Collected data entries

====================

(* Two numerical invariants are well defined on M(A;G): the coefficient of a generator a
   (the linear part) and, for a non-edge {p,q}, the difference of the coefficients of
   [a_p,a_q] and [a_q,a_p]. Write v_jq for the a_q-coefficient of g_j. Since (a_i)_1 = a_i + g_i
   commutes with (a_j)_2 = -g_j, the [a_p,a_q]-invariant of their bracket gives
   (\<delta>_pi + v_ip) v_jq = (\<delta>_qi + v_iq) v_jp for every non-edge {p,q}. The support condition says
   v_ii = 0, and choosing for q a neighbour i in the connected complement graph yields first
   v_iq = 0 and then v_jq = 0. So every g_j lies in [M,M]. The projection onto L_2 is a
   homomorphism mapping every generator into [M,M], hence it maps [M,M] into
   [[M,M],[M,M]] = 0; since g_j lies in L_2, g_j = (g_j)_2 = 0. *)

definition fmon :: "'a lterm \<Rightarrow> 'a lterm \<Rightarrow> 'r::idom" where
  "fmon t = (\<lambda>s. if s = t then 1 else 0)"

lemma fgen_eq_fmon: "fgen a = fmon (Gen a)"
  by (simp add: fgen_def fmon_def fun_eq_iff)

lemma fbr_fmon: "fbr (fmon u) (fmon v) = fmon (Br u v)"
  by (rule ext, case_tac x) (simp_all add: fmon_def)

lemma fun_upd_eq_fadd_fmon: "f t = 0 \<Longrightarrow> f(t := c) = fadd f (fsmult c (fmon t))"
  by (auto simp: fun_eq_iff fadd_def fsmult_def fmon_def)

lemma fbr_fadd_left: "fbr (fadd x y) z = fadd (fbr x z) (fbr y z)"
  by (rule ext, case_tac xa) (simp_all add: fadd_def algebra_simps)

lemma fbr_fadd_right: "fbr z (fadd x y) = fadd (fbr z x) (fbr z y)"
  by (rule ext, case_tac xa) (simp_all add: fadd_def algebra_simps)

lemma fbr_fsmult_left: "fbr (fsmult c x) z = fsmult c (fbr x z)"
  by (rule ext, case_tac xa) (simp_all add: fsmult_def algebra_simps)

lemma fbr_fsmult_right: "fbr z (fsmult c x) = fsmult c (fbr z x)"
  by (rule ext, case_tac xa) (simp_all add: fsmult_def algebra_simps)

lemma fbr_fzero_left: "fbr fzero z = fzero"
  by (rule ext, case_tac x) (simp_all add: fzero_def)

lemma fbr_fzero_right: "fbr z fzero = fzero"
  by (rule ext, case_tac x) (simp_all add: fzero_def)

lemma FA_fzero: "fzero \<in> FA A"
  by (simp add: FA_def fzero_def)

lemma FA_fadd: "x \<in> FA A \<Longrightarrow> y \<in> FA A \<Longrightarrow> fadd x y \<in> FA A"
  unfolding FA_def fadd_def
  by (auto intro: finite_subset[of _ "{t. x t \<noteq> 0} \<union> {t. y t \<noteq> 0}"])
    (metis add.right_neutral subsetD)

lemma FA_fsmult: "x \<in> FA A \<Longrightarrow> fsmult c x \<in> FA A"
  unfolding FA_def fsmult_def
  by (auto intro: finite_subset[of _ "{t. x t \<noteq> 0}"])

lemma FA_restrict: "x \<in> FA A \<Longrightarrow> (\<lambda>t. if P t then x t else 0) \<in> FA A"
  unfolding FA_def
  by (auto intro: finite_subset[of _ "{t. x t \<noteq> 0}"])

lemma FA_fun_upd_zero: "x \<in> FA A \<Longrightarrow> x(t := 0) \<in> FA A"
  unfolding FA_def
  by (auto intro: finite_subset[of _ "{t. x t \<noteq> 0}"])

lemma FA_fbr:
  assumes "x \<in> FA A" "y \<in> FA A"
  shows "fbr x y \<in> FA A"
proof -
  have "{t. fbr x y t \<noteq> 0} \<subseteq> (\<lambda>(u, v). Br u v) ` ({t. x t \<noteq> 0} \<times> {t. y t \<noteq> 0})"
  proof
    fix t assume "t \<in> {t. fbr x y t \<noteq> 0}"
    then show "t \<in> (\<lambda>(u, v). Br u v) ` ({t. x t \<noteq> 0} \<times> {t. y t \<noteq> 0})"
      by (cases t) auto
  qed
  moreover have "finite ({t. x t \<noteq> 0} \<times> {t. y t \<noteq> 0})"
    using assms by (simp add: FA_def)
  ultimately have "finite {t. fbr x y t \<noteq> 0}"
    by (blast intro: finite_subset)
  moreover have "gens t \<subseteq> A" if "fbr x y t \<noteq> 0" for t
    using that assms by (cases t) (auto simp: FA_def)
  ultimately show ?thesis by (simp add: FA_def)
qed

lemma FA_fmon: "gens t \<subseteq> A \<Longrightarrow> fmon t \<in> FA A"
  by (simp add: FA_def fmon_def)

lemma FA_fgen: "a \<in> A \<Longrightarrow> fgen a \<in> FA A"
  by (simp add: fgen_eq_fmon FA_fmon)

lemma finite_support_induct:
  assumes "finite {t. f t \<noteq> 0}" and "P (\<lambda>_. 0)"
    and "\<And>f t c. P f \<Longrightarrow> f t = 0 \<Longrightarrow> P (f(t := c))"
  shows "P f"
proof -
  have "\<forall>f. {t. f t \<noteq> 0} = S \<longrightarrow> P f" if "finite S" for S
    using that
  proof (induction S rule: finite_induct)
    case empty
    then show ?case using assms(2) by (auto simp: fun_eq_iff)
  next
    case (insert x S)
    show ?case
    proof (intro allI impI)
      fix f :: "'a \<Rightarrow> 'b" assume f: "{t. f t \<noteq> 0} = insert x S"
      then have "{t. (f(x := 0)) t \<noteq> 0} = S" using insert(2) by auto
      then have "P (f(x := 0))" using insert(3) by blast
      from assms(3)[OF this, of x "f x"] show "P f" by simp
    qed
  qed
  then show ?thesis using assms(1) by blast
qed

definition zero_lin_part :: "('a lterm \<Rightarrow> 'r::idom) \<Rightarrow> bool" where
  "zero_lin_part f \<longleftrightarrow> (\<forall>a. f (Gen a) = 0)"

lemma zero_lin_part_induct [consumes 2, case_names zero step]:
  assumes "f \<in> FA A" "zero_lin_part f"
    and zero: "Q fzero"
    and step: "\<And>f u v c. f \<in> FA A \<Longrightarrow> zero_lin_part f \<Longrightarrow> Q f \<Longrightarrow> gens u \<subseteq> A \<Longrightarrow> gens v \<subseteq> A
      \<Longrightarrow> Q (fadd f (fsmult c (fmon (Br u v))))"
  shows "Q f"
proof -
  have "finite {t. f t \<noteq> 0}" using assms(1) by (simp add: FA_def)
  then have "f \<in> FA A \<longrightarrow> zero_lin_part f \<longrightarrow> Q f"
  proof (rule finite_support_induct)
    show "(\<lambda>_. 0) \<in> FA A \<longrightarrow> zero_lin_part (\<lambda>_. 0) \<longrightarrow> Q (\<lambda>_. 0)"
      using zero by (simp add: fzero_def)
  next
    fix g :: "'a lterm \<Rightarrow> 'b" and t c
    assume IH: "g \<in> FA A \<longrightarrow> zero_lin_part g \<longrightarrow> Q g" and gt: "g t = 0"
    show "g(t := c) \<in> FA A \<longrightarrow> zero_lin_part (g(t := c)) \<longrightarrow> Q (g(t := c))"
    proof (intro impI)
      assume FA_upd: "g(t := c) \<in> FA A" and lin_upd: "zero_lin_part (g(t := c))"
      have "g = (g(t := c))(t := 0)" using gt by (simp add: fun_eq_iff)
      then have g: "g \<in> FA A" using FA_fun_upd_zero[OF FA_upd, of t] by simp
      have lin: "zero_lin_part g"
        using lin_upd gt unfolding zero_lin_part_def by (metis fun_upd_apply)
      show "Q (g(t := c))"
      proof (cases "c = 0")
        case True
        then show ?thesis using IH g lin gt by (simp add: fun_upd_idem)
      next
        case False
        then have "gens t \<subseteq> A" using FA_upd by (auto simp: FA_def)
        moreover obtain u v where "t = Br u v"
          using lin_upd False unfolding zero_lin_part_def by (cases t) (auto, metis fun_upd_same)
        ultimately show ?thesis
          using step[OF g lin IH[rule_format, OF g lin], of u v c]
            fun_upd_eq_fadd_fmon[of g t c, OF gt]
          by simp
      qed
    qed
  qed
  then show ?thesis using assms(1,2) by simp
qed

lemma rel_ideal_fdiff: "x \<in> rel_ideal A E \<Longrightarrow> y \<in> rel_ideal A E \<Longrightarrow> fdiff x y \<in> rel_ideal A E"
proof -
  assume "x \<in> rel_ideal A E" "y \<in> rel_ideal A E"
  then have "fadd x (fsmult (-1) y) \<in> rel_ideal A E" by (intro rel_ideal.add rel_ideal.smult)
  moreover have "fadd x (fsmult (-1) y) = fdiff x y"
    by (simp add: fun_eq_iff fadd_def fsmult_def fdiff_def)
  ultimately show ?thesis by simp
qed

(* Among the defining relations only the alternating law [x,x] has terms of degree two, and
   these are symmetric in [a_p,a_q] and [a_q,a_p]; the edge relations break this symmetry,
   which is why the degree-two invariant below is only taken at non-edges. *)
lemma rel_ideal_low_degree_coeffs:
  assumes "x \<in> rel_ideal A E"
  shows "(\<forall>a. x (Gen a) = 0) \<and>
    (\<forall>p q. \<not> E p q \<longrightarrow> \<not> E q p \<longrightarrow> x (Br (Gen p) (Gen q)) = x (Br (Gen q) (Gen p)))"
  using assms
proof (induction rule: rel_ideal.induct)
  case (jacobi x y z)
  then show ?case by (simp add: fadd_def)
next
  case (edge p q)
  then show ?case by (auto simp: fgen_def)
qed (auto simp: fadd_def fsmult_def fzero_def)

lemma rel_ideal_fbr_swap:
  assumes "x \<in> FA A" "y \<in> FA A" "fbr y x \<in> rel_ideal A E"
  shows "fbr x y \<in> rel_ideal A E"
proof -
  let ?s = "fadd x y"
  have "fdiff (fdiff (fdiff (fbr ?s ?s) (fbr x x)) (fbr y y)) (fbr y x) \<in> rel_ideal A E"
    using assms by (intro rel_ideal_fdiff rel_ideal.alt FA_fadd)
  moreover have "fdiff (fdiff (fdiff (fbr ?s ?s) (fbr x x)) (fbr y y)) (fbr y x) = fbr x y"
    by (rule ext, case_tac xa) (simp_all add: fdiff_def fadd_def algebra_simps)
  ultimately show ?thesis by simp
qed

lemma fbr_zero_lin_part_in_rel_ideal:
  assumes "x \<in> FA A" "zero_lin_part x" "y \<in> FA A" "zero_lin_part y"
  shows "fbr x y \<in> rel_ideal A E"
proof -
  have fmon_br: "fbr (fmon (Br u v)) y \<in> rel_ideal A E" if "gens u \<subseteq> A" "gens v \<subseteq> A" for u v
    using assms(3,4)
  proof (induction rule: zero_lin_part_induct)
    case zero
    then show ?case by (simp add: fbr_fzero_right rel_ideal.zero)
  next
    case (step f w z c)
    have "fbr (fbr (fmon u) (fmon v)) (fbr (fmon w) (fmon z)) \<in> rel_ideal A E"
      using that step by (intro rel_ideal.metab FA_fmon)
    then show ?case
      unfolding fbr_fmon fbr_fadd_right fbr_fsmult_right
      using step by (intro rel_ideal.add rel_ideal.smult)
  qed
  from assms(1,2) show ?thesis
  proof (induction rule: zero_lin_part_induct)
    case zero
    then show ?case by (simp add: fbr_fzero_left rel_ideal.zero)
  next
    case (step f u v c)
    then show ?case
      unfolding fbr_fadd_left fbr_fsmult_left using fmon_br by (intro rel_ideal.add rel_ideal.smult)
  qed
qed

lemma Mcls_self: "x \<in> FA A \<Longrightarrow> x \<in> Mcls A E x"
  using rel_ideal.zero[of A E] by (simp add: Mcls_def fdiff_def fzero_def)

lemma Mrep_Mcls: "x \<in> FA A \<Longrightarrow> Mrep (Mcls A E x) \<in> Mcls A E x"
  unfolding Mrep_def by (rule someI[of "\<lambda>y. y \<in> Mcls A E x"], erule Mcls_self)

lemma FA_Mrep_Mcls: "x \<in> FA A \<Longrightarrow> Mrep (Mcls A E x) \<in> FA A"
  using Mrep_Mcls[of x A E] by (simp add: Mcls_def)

====================

[WHAT THE EXERCISE ASKS] Gather and copy every line of the data in which the string "impI" is found.

[EXPECTED ANSWER]
    proof (intro allI impI)
    proof (intro impI)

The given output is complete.